## DATA EXTRACTS
text \<open>At step \<open>k\<close> the remainder is approximated
  to within \<open>norm y / 2^(k+1)\<close>.\<close>

lemma preimage_series:
  fixes T :: "'a::real_normed_vector \<Rightarrow> 'b::real_normed_vector"
  assumes K: "K \<ge> 0" and y: "y \<noteq> 0"
    and approx: "\<And>y e. e > 0 \<Longrightarrow> \<exists>x. norm (T x) \<le> K * norm y \<and> norm (y - x) < e"
  shows "\<exists>x. (\<lambda>N. \<Sum>k<N. x k) \<longlonglongrightarrow> y \<and> (\<forall>k. norm (T (x k)) \<le> (K * norm y) * (1/2) ^ k)"
proof -
  define c where "c = norm y"
  have c: "c > 0" using y by (simp add: c_def)
  define step where
    "step z k = (SOME x. norm (T x) \<le> K * norm z \<and> norm (z - x) < c / 2 ^ Suc k)" for z k
  have step: "norm (T (step z k)) \<le> K * norm z \<and> norm (z - step z k) < c / 2 ^ Suc k" for z k
  proof -
    have "c / 2 ^ Suc k > 0" using c by simp
    from approx[OF this] show ?thesis unfolding step_def by (rule someI_ex)
  qed
  define rest where "rest = rec_nat y (\<lambda>k z. z - step z k)"
  have rest_0: "rest 0 = y" and rest_Suc: "rest (Suc k) = rest k - step (rest k) k" for k
    by (simp_all add: rest_def)
  define x where "x k = step (rest k) k" for k
  have rest_bound: "norm (rest k) \<le> c / 2 ^ k" for k
  proof (cases k)
    case 0 then show ?thesis by (simp add: rest_0 c_def)
  next
    case (Suc m)
    then show ?thesis using step[of "rest m" m] by (simp add: rest_Suc)
  qed
  have "norm (T (x k)) \<le> (K * c) * (1/2) ^ k" for k
  proof -
    have "norm (T (x k)) \<le> K * norm (rest k)" using step[of "rest k" k] by (simp add: x_def)
    also have "\<dots> \<le> K * (c / 2 ^ k)" using rest_bound[of k] K by (rule mult_left_mono)
    finally show ?thesis by (simp add: power_divide)
  qed
  moreover have "(\<lambda>N. \<Sum>k<N. x k) \<longlonglongrightarrow> y"
  proof -
    have partial: "(\<Sum>k<N. x k) = y - rest N" for N
      using sum_lessThan_telescope'[of rest N] by (simp add: rest_Suc x_def rest_0)
    have "(\<lambda>N. c * (1/2) ^ N) \<longlonglongrightarrow> 0"
      using tendsto_mult_left[OF LIMSEQ_power_zero[of "1/2::real"], of c] by simp
    then have "rest \<longlonglongrightarrow> 0"
      by (rule Lim_null_comparison[rotated]) (auto simp: rest_bound power_divide)
    then show ?thesis
      unfolding partial using tendsto_diff[OF tendsto_const[of y], of rest 0] by simp
  qed
  ultimately show ?thesis unfolding c_def by blast
qed

text \<open>With a closed graph, \<open>T\<close> commutes with the sum of such a series, whence the bound
  \<open>norm (T y) \<le> 2 K norm y\<close>.\<close>

lemma closed_graph_approximation_bound:
  fixes T :: "'a::real_normed_vector \<Rightarrow> 'b::banach"
  assumes lin: "linear T" and K: "K \<ge> 0"
    and approx: "\<And>y e. e > 0 \<Longrightarrow> \<exists>x. norm (T x) \<le> K * norm y \<and> norm (y - x) < e"
    and closed_graph: "\<And>xs x w. xs \<longlonglongrightarrow> x \<Longrightarrow> (\<lambda>n. T (xs n)) \<longlonglongrightarrow> w \<Longrightarrow> T x = w"
  shows "norm (T y) \<le> 2 * K * norm y"
proof (cases "y = 0")
  case True
  then show ?thesis by (simp add: linear_0[OF lin])
next
  case False
  then obtain x where sum_x: "(\<lambda>N. \<Sum>k<N. x k) \<longlonglongrightarrow> y"
    and decay: "\<And>k. norm (T (x k)) \<le> (K * norm y) * (1/2) ^ k"
    using preimage_series[OF K _ approx] by blast
  have geometric: "summable (\<lambda>k. (K * norm y) * (1/2::real) ^ k)"
    by (intro summable_mult summable_geometric) simp
  have "summable (\<lambda>k. T (x k))"
    by (rule summable_comparison_test[OF _ geometric]) (auto intro: decay)
  then have "(\<lambda>N. T (\<Sum>k<N. x k)) \<longlonglongrightarrow> (\<Sum>k. T (x k))"
    using summable_LIMSEQ by (simp add: linear_sum[OF lin])
  from closed_graph[OF sum_x this] have "norm (T y) = norm (\<Sum>k. T (x k))" by simp
  also have "\<dots> \<le> (\<Sum>k. (K * norm y) * (1/2::real) ^ k)"
    by (rule norm_suminf_le[OF decay geometric])
  also have "\<dots> = 2 * K * norm y"
    using suminf_geometric[of "1/2::real"] by (simp add: suminf_mult)
  finally show ?thesis .
qed

theorem closed_graph_theorem:
  fixes T :: "'a::banach \<Rightarrow> 'b::banach"
  assumes lin: "linear T"
    and closed_graph: "\<And>xs x w. xs \<longlonglongrightarrow> x \<Longrightarrow> (\<lambda>n. T (xs n)) \<longlonglongrightarrow> w \<Longrightarrow> T x = w"
  shows "\<exists>C. \<forall>x. norm (T x) \<le> C * norm x"
proof -
  obtain n x0 r where r: "r > 0" and ball: "ball x0 r \<subseteq> closure {x. norm (T x) \<le> real n}"
    using sublevel_closure_contains_ball[of "\<lambda>x. norm (T x)"] by blast
  define K where "K = 2 * (2 * real n) / r"
  have approx: "\<exists>x. norm (T x) \<le> K * norm y \<and> norm (y - x) < e" if "e > 0" for y e
    unfolding K_def
    by (rule approximate_preimage[OF lin r sublevel_closure_centred_ball[OF lin ball] that])
  have K: "K \<ge> 0" using r by (simp add: K_def)
  have "\<forall>x. norm (T x) \<le> (2 * K) * norm x"
  proof
    fix x
    show "norm (T x) \<le> (2 * K) * norm x"
    proof (rule closed_graph_approximation_bound[OF lin K])
      show "\<exists>x. norm (T x) \<le> K * norm y \<and> norm (y - x) < e" if "e > 0" for y e
        using approx[OF that] .
    qed (rule closed_graph)
  qed
  then show ?thesis by (rule exI)
qed

section \<open>Operators with domain: translation to the closed graph setting\<close>

lemma everywhere_defined_operator_linear:
  assumes "is_operator UNIV T"
  shows "linear T"
proof (rule linearI)
  show "T (x + y) = T x + T y" for x y using assms by (simp add: is_operator_def)
  show "T (r *\<^sub>R x) = r *\<^sub>R T x" for r x
    using assms by (simp add: is_operator_def scaleR_scaleC)
qed

lemma closed_operator_sequential:
  assumes "closed_operator D T" and "\<And>n. xs n \<in> D"
    and "xs \<longlonglongrightarrow> x" and "(\<lambda>n. T (xs n)) \<longlonglongrightarrow> w"
  shows "x \<in> D \<and> T x = w"
proof -
  have "(\<lambda>n. (xs n, T (xs n))) \<longlonglongrightarrow> (x, w)" using assms(3,4) by (rule tendsto_Pair)
  moreover have "\<forall>n. (xs n, T (xs n)) \<in> {(x, T x) | x. x \<in> D}" using assms(2) by blast
  moreover have "closed {(x, T x) | x. x \<in> D}"
    using assms(1) unfolding closed_operator_def .
  ultimately have "(x, w) \<in> {(x, T x) | x. x \<in> D}" by (meson closed_sequentially)
  then show ?thesis by auto
qed

text \<open>If a subspace contains \<open>D(A)\<close> and \<open>A D(A)\<close> and the resolvent set of \<open>A\<close> is nonempty, the
  subspace is everything: each \<open>y\<close> equals \<open>A (R y) - z R y\<close> with \<open>R = (A - z)^-1\<close>.\<close>

lemma subspace_containing_graph_of_resolvent_operator:
  assumes D: "csubspace D" and dom: "DA \<subseteq> D" and ran: "\<forall>x\<in>DA. A x \<in> D"
    and z: "z \<in> resolvent_set DA A"
  shows "D = UNIV"
proof -
  obtain R where R: "\<And>y. R y \<in> DA \<and> A (R y) - z *\<^sub>C R y = y"
    using z unfolding resolvent_set_def by blast
  have "y \<in> D" for y
  proof -
    have "R y \<in> D" "A (R y) \<in> D" using R dom ran by blast+
    then have "A (R y) + (-1) *\<^sub>C (z *\<^sub>C R y) \<in> D"
      using D unfolding csubspace_def by blast
    moreover have "(-1::complex) *\<^sub>C v = - v" for v :: 'a
      using scaleR_scaleC[of "-1" v] by simp
    ultimately show ?thesis using R[of y] by simp
  qed
  then show ?thesis by blast
qed

theorem proposition3p17:
  fixes DA :: "'a::chilbert_space set" and A :: "'a \<Rightarrow> 'a"
    and DB :: "'b::chilbert_space set" and B :: "'b \<Rightarrow> 'b"
    and DT :: "'a set" and T :: "'a \<Rightarrow> 'b"
  assumes "is_operator DA A" and "densely_defined DA"
    and "is_operator DB B" and "densely_defined DB"
    and "quasi_similarity_op DA A DB B DT T"
    and "resolvent_set DA A \<noteq> {}"
  shows "DT = UNIV \<and> (\<exists>C. \<forall>x. norm (T x) \<le> C * norm x)"
proof -
  have op: "is_operator DT T" and closed: "closed_operator DT T"
    and dom: "DA \<subseteq> DT" and ran: "\<forall>x\<in>DA. A x \<in> DT"
    using assms(5) by (simp_all add: quasi_similarity_op_def intertwining_def)
  obtain z where z: "z \<in> resolvent_set DA A" using assms(6) by blast
  have "csubspace DT" using op by (simp add: is_operator_def)
  then have everywhere: "DT = UNIV"
    using subspace_containing_graph_of_resolvent_operator[OF _ dom ran z] by blast
  have "\<exists>C. \<forall>x. norm (T x) \<le> C * norm x"
  proof (rule closed_graph_theorem)
    show "linear T" using op everywhere everywhere_defined_operator_linear by blast
    show "T x = w" if "xs \<longlonglongrightarrow> x" "(\<lambda>n. T (xs n)) \<longlonglongrightarrow> w" for xs x w
      using closed_operator_sequential[OF closed _ that] by (simp add: everywhere)
  qed
  with everywhere show ?thesis by blast
qed
lemma bij_betw_Jset_Suc:
  assumes "1 \<le> m"
  shows "bij_betw (\<lambda>(j, jj). jj(m := j)) (SIGMA j:{..d}. Jset m (d - j)) (Jset (Suc m) d)"
proof (rule bij_betw_byWitness[where f' = "\<lambda>jj. (jj m, jj(m := 0))"])
  show "\<forall>a\<in>SIGMA j:{..d}. Jset m (d - j). (\<lambda>jj. (jj m, jj(m := 0))) ((\<lambda>(j, jj). jj(m := j)) a) = a"
    by (auto simp: Jset_last fun_upd_idem)
  show "\<forall>jj\<in>Jset (Suc m) d. (\<lambda>(j, jj). jj(m := j)) (jj m, jj(m := 0)) = jj"
    by simp
  show "(\<lambda>(j, jj). jj(m := j)) ` (SIGMA j:{..d}. Jset m (d - j)) \<subseteq> Jset (Suc m) d"
    using Jset_Suc_fun_upd[OF assms] by auto
  show "(\<lambda>jj. (jj m, jj(m := 0))) ` Jset (Suc m) d \<subseteq> (SIGMA j:{..d}. Jset m (d - j))"
    using Jset_Suc_restrict[OF assms] by auto
qed

definition psiG_arg :: "(nat \<Rightarrow> real) \<Rightarrow> (nat \<Rightarrow> nat) \<Rightarrow> nat \<Rightarrow> rpoly" where
  "psiG_arg \<nu> jj m = (if m = 2 then x1pow (jj 1)
     else (Lplus (m - 1) ^^ jj (m - 1)) (psiG \<nu> jj (m - 1)))"

lemma psiG_eq_CK:
  assumes "2 \<le> m"
  shows "psiG \<nu> jj m = CK \<nu> m (sum jj {1..m-1}) (psiG_arg \<nu> jj m)"
proof -
  obtain k where k: "m = Suc (Suc k)" using assms by (metis add_2_eq_Suc le_Suc_ex)
  then show ?thesis
    by (cases k) (simp_all add: psiG_arg_def numeral_2_eq_2 numeral_3_eq_3 add.commute)
qed

lemma psiG_arg_Suc: "2 \<le> m \<Longrightarrow> psiG_arg \<nu> jj (Suc m) = (Lplus m ^^ jj m) (psiG \<nu> jj m)"
  by (simp add: psiG_arg_def)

## DIRECTIONS
Tally the lines in this data that hold the word "cases" and state only the count.

## ANSWER TO THIS PROBLEM
3